We initialize the session state with the chat history and the knowledge base. We use an empty ChatMessageHistory object to store the conversation history and an empty KnowledgeBase object to maintain the running state. In your application, you may want to persist the chat history by storing it in a database for long-term retention. Additionally, you might want to pre-populate the knowledge base with initial information, such as the user's name from your authorization system.

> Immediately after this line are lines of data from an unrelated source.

lemma hvec_Key_eq_Hrv: "s \<in> S \<Longrightarrow> hvec {Key s} = Hrv (pmf_of_set {..<n_tails s}) (key_class s)"
proof -
  assume s: "s \<in> S"
  have "hvec {Key s} = Hrv Q (\<lambda>w. restrict (rv w) {Key s})"
    unfolding hvec_def L_def labels_def using s by simp
  also have "\<dots> = Hrv Q (\<lambda>w. key_class s (snd (w s)))"
    by (rule Hrv_Q_eq_of_fun[where f="\<lambda>x. (\<lambda>l. if l = Key s then x else undefined)" and g="\<lambda>u. u (Key s)"])
       (auto simp: rv_def fun_eq_iff)
  also have "\<dots> = Hrv (pmf_of_set ({..<n_heads s} \<times> {..<n_tails s})) (\<lambda>z. key_class s (snd z))"
    unfolding Q_eq_pmf_of_set_PiE by (rule Hrv_pmf_of_set_PiE_component[where \<psi>="\<lambda>z. key_class s (snd z)"]) (use finite_S s n_heads_pos n_tails_pos in auto)
  also have "\<dots> = Hrv (pmf_of_set {..<n_tails s}) (key_class s)"
    using Hrv_pmf_of_set_Times_snd[of "{..<n_heads s}" "{..<n_tails s}" "key_class s"] n_heads_pos n_tails_pos by auto
  finally show ?thesis .
qed

lemma hvec_Gamma1: "hvec \<in> Gamma1 S E"
proof -
  have sub: "Msg ` S \<union> Key ` S \<subseteq> L" unfolding L_def labels_def by auto
  have "hvec (Msg ` S \<union> Key ` S) = Hrv Q (\<lambda>w. restrict (rv w) (Msg ` S \<union> Key ` S))"
    unfolding hvec_def using sub by simp
  also have "\<dots> = Hrv Q (\<lambda>w. restrict (\<lambda>s. (fst (w s), key_class s (snd (w s)))) S)"
    by (rule Hrv_Q_eq_of_fun[where f="\<lambda>t. restrict (\<lambda>l. case l of Msg s \<Rightarrow> fst (t s) | Key s \<Rightarrow> snd (t s) | Edg e \<Rightarrow> 0) (Msg ` S \<union> Key ` S)"
          and g="\<lambda>u. restrict (\<lambda>s. (u (Msg s), u (Key s))) S"])
       (auto simp: rv_def fun_eq_iff restrict_def split: lbl.split)
  also have "\<dots> = (\<Sum>s\<in>S. Hrv (pmf_of_set ({..<n_heads s} \<times> {..<n_tails s})) (\<lambda>z. (fst z, key_class s (snd z))))"
    unfolding Q_eq_pmf_of_set_PiE by (rule Hrv_pmf_of_set_PiE[where \<phi>="\<lambda>s z. (fst z, key_class s (snd z))"]) (use finite_S n_heads_pos n_tails_pos in auto)
  also have "\<dots> = (\<Sum>s\<in>S. hvec {Msg s} + hvec {Key s})"
  proof (rule sum.cong[OF refl])
    fix s assume s: "s \<in> S"
    show "Hrv (pmf_of_set ({..<n_heads s} \<times> {..<n_tails s})) (\<lambda>z. (fst z, key_class s (snd z))) = hvec {Msg s} + hvec {Key s}"
      using Hrv_pmf_of_set_Times[of "{..<n_heads s}" "{..<n_tails s}" "\<lambda>x. x" "key_class s"] n_heads_pos n_tails_pos hvec_Msg_eq_Hrv[OF s] hvec_Key_eq_Hrv[OF s]
      by auto
  qed
  finally show ?thesis unfolding Gamma1_def using hvec_HN by blast
qed

lemma Out_edges_subset: "Out_edges E tlv s \<subseteq> E" unfolding Out_edges_def by auto

lemma In_edges_subset: "In_edges E hdv s \<subseteq> E" unfolding In_edges_def by auto

lemma hvec_Gamma2: "hvec \<in> Gamma2 S E tlv"
proof -
  have "hvec ({Msg s, Key s} \<union> Edg ` Out_edges E tlv s) = hvec {Msg s, Key s}" if s: "s \<in> S" for s
  proof -
    let ?B = "{Msg s, Key s} \<union> Edg ` Out_edges E tlv s"
    have sub: "?B \<subseteq> L" "{Msg s, Key s} \<subseteq> L" unfolding L_def labels_def using s Out_edges_subset by auto
    have "Hrv Q (\<lambda>w. restrict (rv w) ?B) = Hrv Q (\<lambda>w. restrict (rv w) {Msg s, Key s})"
    proof (rule Hrv_Q_eq_of_fun[where f="\<lambda>u. restrict (\<lambda>l. case l of Edg e \<Rightarrow> out_of_class s (u (Msg s)) (u (Key s)) e | _ \<Rightarrow> u l) ?B"
          and g="\<lambda>u. restrict u {Msg s, Key s}"])
      fix w assume w: "w \<in> head_tail_space"
      show "restrict (rv w) ?B = restrict (\<lambda>l. case l of Edg e \<Rightarrow> out_of_class s (restrict (rv w) {Msg s, Key s} (Msg s)) (restrict (rv w) {Msg s, Key s} (Key s)) e | _ \<Rightarrow> restrict (rv w) {Msg s, Key s} l) ?B"
        using W_Out_source[OF w s] by (auto simp: fun_eq_iff rv_def restrict_def split: lbl.split)
      show "restrict (rv w) {Msg s, Key s} = restrict (restrict (rv w) ?B) {Msg s, Key s}"
        by (auto simp: fun_eq_iff restrict_def)
    qed
    then show ?thesis unfolding hvec_def using sub by simp
  qed
  then show ?thesis unfolding Gamma2_def using hvec_HN by blast
qed

definition "inner_enc v e = (SOME f. \<forall>w\<in>head_tail_space. W e (to_msg_key w) = f (restrict (\<lambda>e'. W e' (to_msg_key w)) (In_edges E hdv v)))"

lemma inner_enc_eq:
  assumes "v \<in> V - (S \<union> T)" "e \<in> Out_edges E tlv v" "w \<in> head_tail_space"
  shows "W e (to_msg_key w) = inner_enc v e (restrict (\<lambda>e'. W e' (to_msg_key w)) (In_edges E hdv v))"
proof -
  obtain f where "\<And>w. w \<in> head_tail_space \<Longrightarrow> W e (to_msg_key w) = f (restrict (\<lambda>e'. W e' (to_msg_key w)) (In_edges E hdv v))"
    using W_Out_inner[OF assms(1,2)] by blast
  then have ex: "\<exists>f. \<forall>w\<in>head_tail_space. W e (to_msg_key w) = f (restrict (\<lambda>e'. W e' (to_msg_key w)) (In_edges E hdv v))" by blast
  show ?thesis using someI_ex[OF ex] assms(3) unfolding inner_enc_def by blast
qed

lemma hvec_Gamma3: "hvec \<in> Gamma3 V E tlv hdv S T"
proof -
  have "hvec (Edg ` (In_edges E hdv v \<union> Out_edges E tlv v)) = hvec (Edg ` In_edges E hdv v)"
    if v: "v \<in> V - (S \<union> T)" for v
  proof -
    let ?I = "In_edges E hdv v" and ?O = "Out_edges E tlv v"
    let ?B = "Edg ` (?I \<union> ?O)"
    have IO: "?I \<union> ?O \<subseteq> E" using In_edges_subset[of v] Out_edges_subset[of v] by simp
    have e1: "?B \<subseteq> Edg ` E" using IO by (intro image_mono) simp
    have e2: "Edg ` ?I \<subseteq> Edg ` E" using IO by (intro image_mono) simp
    have sub: "?B \<subseteq> L" "Edg ` ?I \<subseteq> L" unfolding L_def labels_def using e1 e2 by auto
    have "Hrv Q (\<lambda>w. restrict (rv w) ?B) = Hrv Q (\<lambda>w. restrict (rv w) (Edg ` ?I))"
    proof (rule Hrv_Q_eq_of_fun[where f="\<lambda>u. restrict (\<lambda>l. case l of Edg e \<Rightarrow> (if e \<in> ?I then u l else inner_enc v e (restrict (\<lambda>e'. u (Edg e')) ?I)) | _ \<Rightarrow> 0) ?B"
          and g="\<lambda>u. restrict u (Edg ` ?I)"])
      fix w assume w: "w \<in> head_tail_space"
      have r: "restrict (\<lambda>e'. restrict (rv w) (Edg ` ?I) (Edg e')) ?I = restrict (\<lambda>e'. W e' (to_msg_key w)) ?I"
        by (auto simp: fun_eq_iff rv_def restrict_def)
      show "restrict (rv w) ?B = restrict (\<lambda>l. case l of Edg e \<Rightarrow> (if e \<in> ?I then restrict (rv w) (Edg ` ?I) l else inner_enc v e (restrict (\<lambda>e'. restrict (rv w) (Edg ` ?I) (Edg e')) ?I)) | _ \<Rightarrow> 0) ?B"
        unfolding r using inner_enc_eq[OF v _ w] by (auto simp: fun_eq_iff rv_def restrict_def split: lbl.split)
      show "restrict (rv w) (Edg ` ?I) = restrict (restrict (rv w) ?B) (Edg ` ?I)"
        by (auto simp: fun_eq_iff restrict_def)
    qed
    then show ?thesis unfolding hvec_def using sub by simp
  qed
  then show ?thesis unfolding Gamma3_def using hvec_HN by blast
qed

lemma W_in_Alph: "w \<in> head_tail_space \<Longrightarrow> e \<in> E \<Longrightarrow> W e (to_msg_key w) \<in> Alph e"
  using code to_msg_key_in unfolding is_code_def msg_key_space_def by blast

lemma finite_Alph: "e \<in> E \<Longrightarrow> finite (Alph e)"
  using code unfolding is_code_def by blast

lemma hvec_Edg_le: "e \<in> E \<Longrightarrow> hvec {Edg e} \<le> log 2 (real (card (Alph e)))"
proof -
  assume e: "e \<in> E"
  have "hvec {Edg e} = Hrv Q (\<lambda>w. restrict (rv w) {Edg e})"
    unfolding hvec_def L_def labels_def using e by simp
  also have "\<dots> = Hrv Q (\<lambda>w. W e (to_msg_key w))"
    by (rule Hrv_Q_eq_of_fun[where f="\<lambda>x. (\<lambda>l. if l = Edg e then x else undefined)" and g="\<lambda>u. u (Edg e)"])
       (auto simp: rv_def fun_eq_iff)
  also have "\<dots> \<le> log 2 (real (card (Alph e)))"
    by (rule Hrv_le_log_card[OF finite_Alph[OF e]]) (use W_in_Alph e set_pmf_Q in auto)
  finally show ?thesis .
qed

lemma Hrv_Q_cong: "(\<And>w. w \<in> head_tail_space \<Longrightarrow> X w = Y w) \<Longrightarrow> Hrv Q X = Hrv Q Y"
  by (rule Hrv_cong) (use set_pmf_Q in auto)

lemma Hrv_P_eq_Hrv_Q: "Hrv P Z = Hrv Q (\<lambda>w. Z (to_msg_key w))"
  unfolding Hrv_def map_to_msg_key[symmetric] by (simp add: map_pmf_comp)

lemma hvec_Msg: "s \<in> S \<Longrightarrow> hvec {Msg s} = real (head_bits s)"
proof -
  assume s: "s \<in> S"
  have "Hrv (pmf_of_set {..<n_heads s}) (\<lambda>x. x) = ent (pmf_of_set {..<n_heads s})"
    unfolding Hrv_def by simp
  also have "\<dots> = log 2 (real (card {..<n_heads s}))" by (rule ent_pmf_of_set) (use n_heads_pos in auto)
  also have "\<dots> = real (head_bits s)" unfolding n_heads_def by (simp add: log_nat_power)
  finally show ?thesis using hvec_Msg_eq_Hrv[OF s] by simp
qed

lemma beta_subset: "t \<in> T \<Longrightarrow> beta t \<subseteq> S"
  using net unfolding wiretap_network_def by blast

lemma Aw_subset: "\<alpha> \<in> Aw \<Longrightarrow> \<alpha> \<subseteq> E"
  using net unfolding wiretap_network_def by blast

lemma hvec_Gamma4_lower:
  assumes t: "t \<in> T"
  shows "hvec (Edg ` In_edges E hdv t) \<le> hvec (Msg ` beta t \<union> Edg ` In_edges E hdv t)"
proof -
  let ?M = "Msg ` beta t" and ?I = "Edg ` In_edges E hdv t"
  have sub: "?M \<union> ?I \<subseteq> L" "?I \<subseteq> L"
    unfolding L_def labels_def using beta_subset[OF t] In_edges_subset[of t] by blast+
  have "Hrv Q (\<lambda>w. restrict (rv w) ?I) \<le> Hrv Q (\<lambda>w. restrict (rv w) (?M \<union> ?I))"
    by (rule Hrv_Q_le_of_fun[where f="\<lambda>u. restrict u ?I"]) (auto simp: fun_eq_iff restrict_def)
  then show ?thesis unfolding hvec_def using sub by simp
qed

lemma prob_head_decoding_error_le:
  assumes t: "t \<in> T" and eps: "0 \<le> \<epsilon>"
    and dec: "\<forall>s\<in>beta t. measure_pmf.prob P {(m,k). decode_est E hdv Dec W t s (m,k) \<noteq> m s} \<le> \<epsilon>"
  shows "measure_pmf.prob Q {w. \<exists>s\<in>beta t.
           fst (w s) \<noteq> msg_head s (Dec t s (restrict (\<lambda>e. W e (to_msg_key w)) (In_edges E hdv t)))}
         \<le> real (card S) * \<epsilon>"
proof -
  have bS: "beta t \<subseteq> S" using beta_subset[OF t] .
  have finb: "finite (beta t)" using finite_S bS finite_subset by blast
  define D where "D s = {(m,k). decode_est E hdv Dec W t s (m,k) \<noteq> m s}" for s
  have "{w. \<exists>s\<in>beta t. fst (w s) \<noteq> msg_head s (Dec t s (restrict (\<lambda>e. W e (to_msg_key w)) (In_edges E hdv t)))}
        \<inter> set_pmf Q \<subseteq> (\<Union>s\<in>beta t. to_msg_key -` D s)"
    using msg_head_to_msg_key bS
    by (fastforce simp: set_pmf_Q D_def decode_est_def split: prod.split)
  then have "measure_pmf.prob Q {w. \<exists>s\<in>beta t.
           fst (w s) \<noteq> msg_head s (Dec t s (restrict (\<lambda>e. W e (to_msg_key w)) (In_edges E hdv t)))}
         \<le> measure_pmf.prob Q (\<Union>s\<in>beta t. to_msg_key -` D s)"
    by (subst measure_Int_set_pmf[symmetric]) (rule measure_pmf.finite_measure_mono, auto)
  also have "\<dots> \<le> (\<Sum>s\<in>beta t. measure_pmf.prob Q (to_msg_key -` D s))"
    by (rule measure_pmf.finite_measure_subadditive_finite[OF finb]) simp
  also have "\<dots> = (\<Sum>s\<in>beta t. measure_pmf.prob P (D s))"
    by (simp add: map_to_msg_key[symmetric])
  also have "\<dots> \<le> (\<Sum>s\<in>beta t. \<epsilon>)"
    by (rule sum_mono) (use dec in \<open>simp add: D_def\<close>)
  also have "\<dots> \<le> real (card S) * \<epsilon>"
    using card_mono[OF finite_S bS] eps by (simp add: mult_right_mono)
  finally show ?thesis .
qed
lemma lsc_nonneg_integral_le_0_imp_eq_0:
  fixes g :: "real \<Rightarrow> real"
  assumes lsc: "\<And>t c. t \<in> {a..b} \<Longrightarrow> c < g t \<Longrightarrow> \<forall>\<^sub>F s in at t within {a..b}. c < g s"
    and nonneg: "\<And>t. t \<in> {a..b} \<Longrightarrow> 0 \<le> g t"
    and "g integrable_on {a..b}" and "integral {a..b} g \<le> 0"
    and "a < b" and t: "t \<in> {a..b}"
  shows "g t = 0"
proof (rule ccontr)
  assume "g t \<noteq> 0"
  with nonneg t have "0 < g t / 2" "g t / 2 < g t" by (auto simp: order.not_eq_order_implies_strict)
  then obtain d where "d > 0" and d: "\<forall>s\<in>{a..b}. s \<noteq> t \<and> dist s t < d \<longrightarrow> g t / 2 < g s"
    using lsc[OF t] unfolding eventually_at by blast
  define a' where "a' = max a (t - d/2)"
  define b' where "b' = min b (t + d/2)"
  have sub: "{a'..b'} \<subseteq> {a..b}" and "a' < b'"
    using t \<open>d > 0\<close> \<open>a < b\<close> by (auto simp: a'_def b'_def)
  have big: "g t / 2 \<le> g s" if "s \<in> {a'..b'}" for s
    using d that sub \<open>0 < g t / 2\<close> by (cases "s = t") (auto simp: a'_def b'_def dist_real_def)
  have "0 < (b' - a') * (g t / 2)"
    using \<open>a' < b'\<close> \<open>0 < g t / 2\<close> by simp
  also have "\<dots> = integral {a'..b'} (\<lambda>_. g t / 2)"
    using \<open>a' < b'\<close> by simp
  also have "\<dots> \<le> integral {a'..b'} g"
    using big integrable_on_subinterval[OF assms(3) sub] by (intro integral_le) auto
  also have "\<dots> \<le> integral {a..b} g"
    using sub nonneg integrable_on_subinterval[OF assms(3) sub] assms(3)
    by (intro integral_subset_le) auto
  finally show False using assms(4) by simp
qed

lemma lsc_on_compose_continuous:
  fixes S :: "'a::metric_space set"
  assumes "lsc_on U f" and "continuous_on S \<gamma>" and "\<gamma> ` S \<subseteq> U"
    and "t \<in> S" and "c < f (\<gamma> t)"
  shows "\<forall>\<^sub>F s in at t within S. c < f (\<gamma> s)"
proof -
  have "\<gamma> t \<in> U" using assms(3,4) by blast
  then obtain d where "d > 0" and d: "\<forall>y\<in>U. y \<noteq> \<gamma> t \<and> dist y (\<gamma> t) < d \<longrightarrow> c < f y"
    using assms(1,5) unfolding lsc_on_def eventually_at by blast
  obtain e where "e > 0" and e: "\<forall>s\<in>S. dist s t < e \<longrightarrow> dist (\<gamma> s) (\<gamma> t) < d"
    using assms(2,4) \<open>d > 0\<close> unfolding continuous_on_iff by blast
  have "c < f (\<gamma> s)" if "s \<in> S" "dist s t < e" for s
    using d e that assms(3,5) by (cases "\<gamma> s = \<gamma> t") auto
  with \<open>e > 0\<close> show ?thesis unfolding eventually_at by blast
qed
(* Let $T$ be a metrizable Choquet simplex such that (1) $\partial_e(T)=Y\cup Z$ with $Y\cap Z=\emptyset$, (2) $Y$ and $Z$ are Borel subsets, and (3) $M_Y=\overline{\mathrm{conv}(Y)}$ and $M_Z=\overline{\mathrm{conv}(Z)}$. Then there is a continuous real affine function $f$ on $T$ with $0\le f\le1$, $f|_{M_Y}=1$ and $f|_{M_Z}=0$.
   Context: For a metrizable Choquet simplex $T$ with extremal boundary $X=\partial_e(T)$, each $t\in T$ is the barycenter of a unique Borel probability measure $\mu_t$ on $X$ (i.e. $f(t)=\int_Xf\,d\mu_t$ for all continuous affine $f$ on $T$). For a Borel subset $F\subset X$, $M_F=\{t\in T:\mu_t(X\setminus F)=0\}$, the set of points whose representing measure is concentrated on $F$. *)

theory Defs
  imports "HOL-Probability.Probability"
begin

definition affine_fun_on :: "'a::real_vector set \<Rightarrow> ('a \<Rightarrow> real) \<Rightarrow> bool" where
  "affine_fun_on T f \<longleftrightarrow>
     (\<forall>x\<in>T. \<forall>y\<in>T. \<forall>u::real. 0 \<le> u \<and> u \<le> 1 \<longrightarrow>
        f (u *\<^sub>R x + (1 - u) *\<^sub>R y) = u * f x + (1 - u) * f y)"

definition ext_bdry :: "'a::real_vector set \<Rightarrow> 'a set" where
  "ext_bdry T = {x. x extreme_point_of T}"

definition rep_measure :: "'a::real_normed_vector set \<Rightarrow> 'a \<Rightarrow> 'a measure \<Rightarrow> bool" where
  "rep_measure T t \<mu> \<longleftrightarrow>
     sets \<mu> = sets (restrict_space borel T) \<and> space \<mu> = T \<and> prob_space \<mu> \<and>
     ext_bdry T \<in> sets \<mu> \<and> emeasure \<mu> (T - ext_bdry T) = 0 \<and>
     (\<forall>f. continuous_on T f \<and> affine_fun_on T f \<longrightarrow> f t = (\<integral>x. f x \<partial>\<mu>))"

text \<open>Metrizable Choquet simplex: a compact convex subset of a normed space such that
  every point is the barycenter of a unique Borel probability measure on the extremal boundary.\<close>
definition metrizable_choquet_simplex :: "'a::real_normed_vector set \<Rightarrow> bool" where
  "metrizable_choquet_simplex T \<longleftrightarrow> compact T \<and> convex T \<and>
     (\<forall>t\<in>T. \<exists>!\<mu>. rep_measure T t \<mu>)"

definition rep_meas :: "'a::real_normed_vector set \<Rightarrow> 'a \<Rightarrow> 'a measure" where
  "rep_meas T t = (THE \<mu>. rep_measure T t \<mu>)"

definition M_set :: "'a::real_normed_vector set \<Rightarrow> 'a set \<Rightarrow> 'a set" where
  "M_set T F = {t\<in>T. emeasure (rep_meas T t) (ext_bdry T - F) = 0}"

end

theory Submission
  imports Defs
begin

We have omitted the display functions as they are not relevant to the running state concept. The chat function serves as the main entry point for the conversation. It displays the chat history, prompts the user for input, and calls the agent to generate a response. The response is then shown to the user, and the knowledge base is updated with the latest input and output. Since the agent is invoked with the knowledge base from the session state, it will always operate on the most recent version of the running state.

Conclusion

In this post, we explored the concept of running state as a method for managing the short-term memory of AI agents. By maintaining a concise and structured representation of the conversation context, agents can make informed decisions without retaining superfluous details. We covered the essential steps for implementing running state, which include defining the knowledge base, updating it with an additional internal chain, and integrating it into the agent's context.

If you are interested in learning more about this concept, we recommend NVIDIA's course Building RAG Agents with LLMs.